Thursday, January 13, 2011


It's a new quarter and I have new classes. One of which is an American Literature class. I'm super excited about it. We have to write response papers every week on what we read, soooo I'll probably be posting those here. I'm just going to pretend that everyone wants to know what I think. we go, and I know it's a bit hypocritical because I'm utilizing technology as we speak to type and post it. But, everyone is a little hypocritical.

Emerson touched on a subject that I continually see in the world today. In his essay, Self-Reliance, he stated, "The civilized man has built a couch, but has lost the use of his feet…" People are extremely dependent upon their inventions and if left without most of them they would be left in a complete stupor, or even fail to survive. We have become so immersed in the convenient life, so fascinated by producing actions by the click of a button, or without the use of hands that we have lost the ability to use our inherent tools, our body and mind, to complete a task. What saddens me the most is the lack in use of our mind. In the same paragraph, Emerson also stated "notebooks impair his memory…," but today it isn't even the notebook, because it's now rare for people to write anything by hand. We have computers that allow us to send our notes to any device anywhere in the world in a split second. We have phones that instantly remind us what to do, when, where, and why if we want them to. Therefore, our brain realizes it doesn't have to work so hard to remember, so it forgets.
That reminds me of a lecture I listened to on, given by the author Douglas Adams, called Parrots, the Universe and Everything. He tells the story of the kakapo. The kakapo is a large now-flightless parrot, native to New Zealand. At first, the kakapo had no predators; therefore, it had no need to worry or fly, so eventually he lost his ability to fly. Before the Europeans arrived, the kakapo species flourished. But the Europeans introduced rats, dogs, cats, and other predators of the kakapo. But, because the kakapo was new to the idea of something wanting to eat him, he did not run away, and even if he wanted to, he could not fly away. Rapidly, the population of the kakapo dropped from somewhere in the hundreds of thousands to the low forties.
I think that this story says something similar to what Emerson is touching on. Because of convenience, we lose the abilities we would otherwise have, and eventually something might come in defiance of our convenience, and we will be left helpless with no ability to provide for or protect ourselves.

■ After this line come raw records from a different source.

lemma test_fun_bounded:
  assumes "test_fun I f"
  obtains M where "0 \<le> M" "\<And>y. \<bar>f y\<bar> \<le> M"
proof -
  obtain a c where out: "\<forall>y. y \<notin> {a..c} \<longrightarrow> f y = 0" using assms unfolding test_fun_def by blast
  have "bounded (f ` {a..c})"
    by (intro compact_imp_bounded compact_continuous_image continuous_on_test_fun[OF assms]) simp
  then obtain M where "\<forall>y\<in>{a..c}. \<bar>f y\<bar> \<le> M" unfolding bounded_iff by auto
  with out show ?thesis by (intro that[of "max M 0"]) (force simp: le_max_iff_disj)+
qed

lemma continuous_on_comp_path:
  assumes "\<omega> \<in> paths \<alpha> \<beta>" "continuous_on (open_ivl \<alpha> \<beta>) g"
  shows "continuous_on S (\<lambda>s. g (\<omega> s))"
  using assms unfolding paths_def
  by (auto intro: continuous_on_compose2[of "open_ivl \<alpha> \<beta>" g] continuous_on_subset)

lemma
  assumes "solves_MP \<alpha> \<beta> b \<sigma> x Q"
  shows solves_MP_prob_space: "prob_space Q"
    and sets_solves_MP: "sets Q = sets (canon (paths \<alpha> \<beta>))"
    and space_solves_MP: "space Q = paths \<alpha> \<beta>"
    and solves_MP_AE_start: "AE \<omega> in Q. \<omega> 0 = x"
  using assms sets_eq_imp_space_eq[of Q "canon (paths \<alpha> \<beta>)"] by (auto simp: solves_MP_def)

lemma integrable_test_fun_eval:
  assumes MP: "solves_MP \<alpha> \<beta> b \<sigma> x Q" and f: "test_fun (open_ivl \<alpha> \<beta>) f" and "0 \<le> s"
  shows "integrable Q (\<lambda>\<omega>. f (\<omega> s))"
proof -
  interpret prob_space Q by (rule solves_MP_prob_space[OF MP])
  obtain M where "\<And>y. \<bar>f y\<bar> \<le> M" using test_fun_bounded[OF f] by blast
  moreover have "(\<lambda>\<omega>. f (\<omega> s)) \<in> borel_measurable Q"
    using measurable_eval_canon[OF sets_solves_MP[OF MP] \<open>0 \<le> s\<close>]
      borel_measurable_continuous_onI[OF continuous_on_test_fun[OF f]]
    by (rule measurable_compose)
  ultimately show ?thesis by (intro integrable_const_bound[where B = M]) auto
qed

lemma solves_MP_Dynkin:
  assumes MP: "solves_MP \<alpha> \<beta> b \<sigma> x Q" and f: "test_fun (open_ivl \<alpha> \<beta>) f" and "0 \<le> t"
  shows "integrable Q (\<lambda>\<omega>. integral {0..t} (\<lambda>s. gen b \<sigma> f (\<omega> s)))" (is "integrable Q ?G")
    and "(\<integral>\<omega>. integral {0..t} (\<lambda>s. gen b \<sigma> f (\<omega> s)) \<partial>Q) = (\<integral>\<omega>. f (\<omega> t) \<partial>Q) - f x"
proof -
  interpret prob_space Q by (rule solves_MP_prob_space[OF MP])
  define M where "M t \<omega> = f (\<omega> t) - f (\<omega> 0) - integral {0..t} (\<lambda>s. gen b \<sigma> f (\<omega> s))"
    for t :: real and \<omega> :: "real \<Rightarrow> real"
  have "integrable Q (M t) \<and> (\<forall>s A. 0 \<le> s \<longrightarrow> s \<le> t \<longrightarrow> A \<in> sets (nat_filt (paths \<alpha> \<beta>) s) \<longrightarrow>
      (\<integral>\<omega>\<in>A. M t \<omega> \<partial>Q) = (\<integral>\<omega>\<in>A. M s \<omega> \<partial>Q))"
    using MP f \<open>0 \<le> t\<close> unfolding solves_MP_def Let_def M_def by blast
  then have Mt: "integrable Q (M t)"
    and "(\<integral>\<omega>\<in>paths \<alpha> \<beta>. M t \<omega> \<partial>Q) = (\<integral>\<omega>\<in>paths \<alpha> \<beta>. M 0 \<omega> \<partial>Q)"
    using \<open>0 \<le> t\<close> sets.top[of "nat_filt (paths \<alpha> \<beta>) 0"] by auto
  then have M0: "(\<integral>\<omega>. M t \<omega> \<partial>Q) = 0"
    using set_integral_space[OF Mt] space_solves_MP[OF MP] by (simp add: M_def[of 0])
  have G: "?G = (\<lambda>\<omega>. f (\<omega> t) - f (\<omega> 0) - M t \<omega>)" by (simp add: M_def)
  have int: "integrable Q (\<lambda>\<omega>. f (\<omega> t))" "integrable Q (\<lambda>\<omega>. f (\<omega> 0))"
    using integrable_test_fun_eval[OF MP f] \<open>0 \<le> t\<close> by auto
  show "integrable Q ?G" unfolding G using int Mt by auto
  have "(\<integral>\<omega>. f (\<omega> 0) \<partial>Q) = (\<integral>\<omega>. f x \<partial>Q)"
    using solves_MP_AE_start[OF MP] int(2) by (intro integral_cong_AE) auto
  then show "(\<integral>\<omega>. ?G \<omega> \<partial>Q) = (\<integral>\<omega>. f (\<omega> t) \<partial>Q) - f x"
    unfolding G using int Mt M0 by (simp add: prob_space)
qed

Earlier in Self-Reliance, Emerson states, "Society everywhere is in conspiracy against the manhood of every one of its members." We think we are enhancing and advancing our civilization by providing these new tools and gadgets that do everything we can think to make them do; we believe that these new high-tech tools give us power and superiority. But in reality, these tools are only hurting us in the long run. They are making us lazy, overweight, and dumb. Instead of power, they are making us weak.
In Emerson's The American Scholar, he quotes the proverb, "He that would bring home the wealth of the Indies, must carry out the wealth of the Indies." In the context of today, it might read, "He that would bring home the wealth of the Indies, must get a crane, an airplane, and higher others to carry the wealth of the Indies."

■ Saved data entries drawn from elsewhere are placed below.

lemma linear_recurrence_from_zero:
  fixes A :: "real^'n^'n"
  assumes "z k0 = 0" and "\<And>k. k \<ge> k0 \<Longrightarrow> z (Suc k) = A *v z k + c k"
  shows "z (k0 + d) = (\<Sum>j<d. matpow A j *v c (k0 + d - 1 - j))"
proof (induction d)
  case (Suc d)
  have "z (k0 + Suc d) = c (k0 + d) + (\<Sum>j<d. matpow A (Suc j) *v c (k0 + d - 1 - j))"
    using assms(2)[of "k0 + d"] by (simp add: Suc vec.sum matrix_vector_mul_assoc)
  also have "\<dots> = (\<Sum>j<Suc d. matpow A j *v c (k0 + Suc d - 1 - j))"
    by (subst sum.lessThan_Suc_shift) simp
  finally show ?case .
qed (simp add: assms(1))

lemma bounded_input_in_ellipsoid:
  fixes M :: "real^'p^'n" and \<Sigma> :: "real^'p^'p"
  assumes "pos_semidef \<Sigma>" and "\<alpha> > 0" and "\<delta> \<bullet> \<delta> \<le> \<alpha>"
  shows "(M ** psd_sqrt \<Sigma>) *v \<delta> \<in> ellipsoid (\<alpha> *\<^sub>R (M ** \<Sigma> ** transpose M))"
proof -
  define S where "S = psd_sqrt \<Sigma>"
  define N where "N = sqrt \<alpha> *\<^sub>R (M ** S)"
  have "transpose S = S" "X ** S ** S = X ** \<Sigma>" for X :: "real^'p^'n"
    using pos_semidef_psd_sqrt[OF assms(1)] psd_sqrt_square[OF assms(1)]
    by (simp_all add: S_def pos_semidef_def symmetric_mat_def) (metis matrix_mul_assoc)
  then have gram: "N ** transpose N = \<alpha> *\<^sub>R (M ** \<Sigma> ** transpose M)"
    using assms(2) by (simp add: N_def transpose_scalar matrix_scalar_ac scalar_matrix_assoc[symmetric]
        matrix_transpose_mul matrix_mul_assoc)
  have "N *v ((1 / sqrt \<alpha>) *\<^sub>R \<delta>) = (1 / sqrt \<alpha>) *\<^sub>R (sqrt \<alpha> *\<^sub>R ((M ** S) *v \<delta>))"
    by (simp only: N_def matrix_vector_mult_scaleR scaleR_matrix_vector_assoc)
  then have input: "(M ** S) *v \<delta> = N *v ((1 / sqrt \<alpha>) *\<^sub>R \<delta>)"
    using assms(2) by simp
  have "((1 / sqrt \<alpha>) *\<^sub>R \<delta>) \<bullet> ((1 / sqrt \<alpha>) *\<^sub>R \<delta>) \<le> 1"
    using assms(2,3) by (simp add: divide_le_eq)
  from unit_ball_image_in_ellipsoid[OF this, of N] show ?thesis
    by (simp only: gram input[symmetric] S_def)
qed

Today, it's rare for someone to rely on themselves, without the use of technology. But because we are so engulfed in it and some of us have never lived without it, it's hard to understand how life could be possible without it. But life is very possible without it, and I think that it's important for us to put ourselves in the situation of not having our treasured technology and conveniences, and understand how to survive without it, in case one day it is compromised.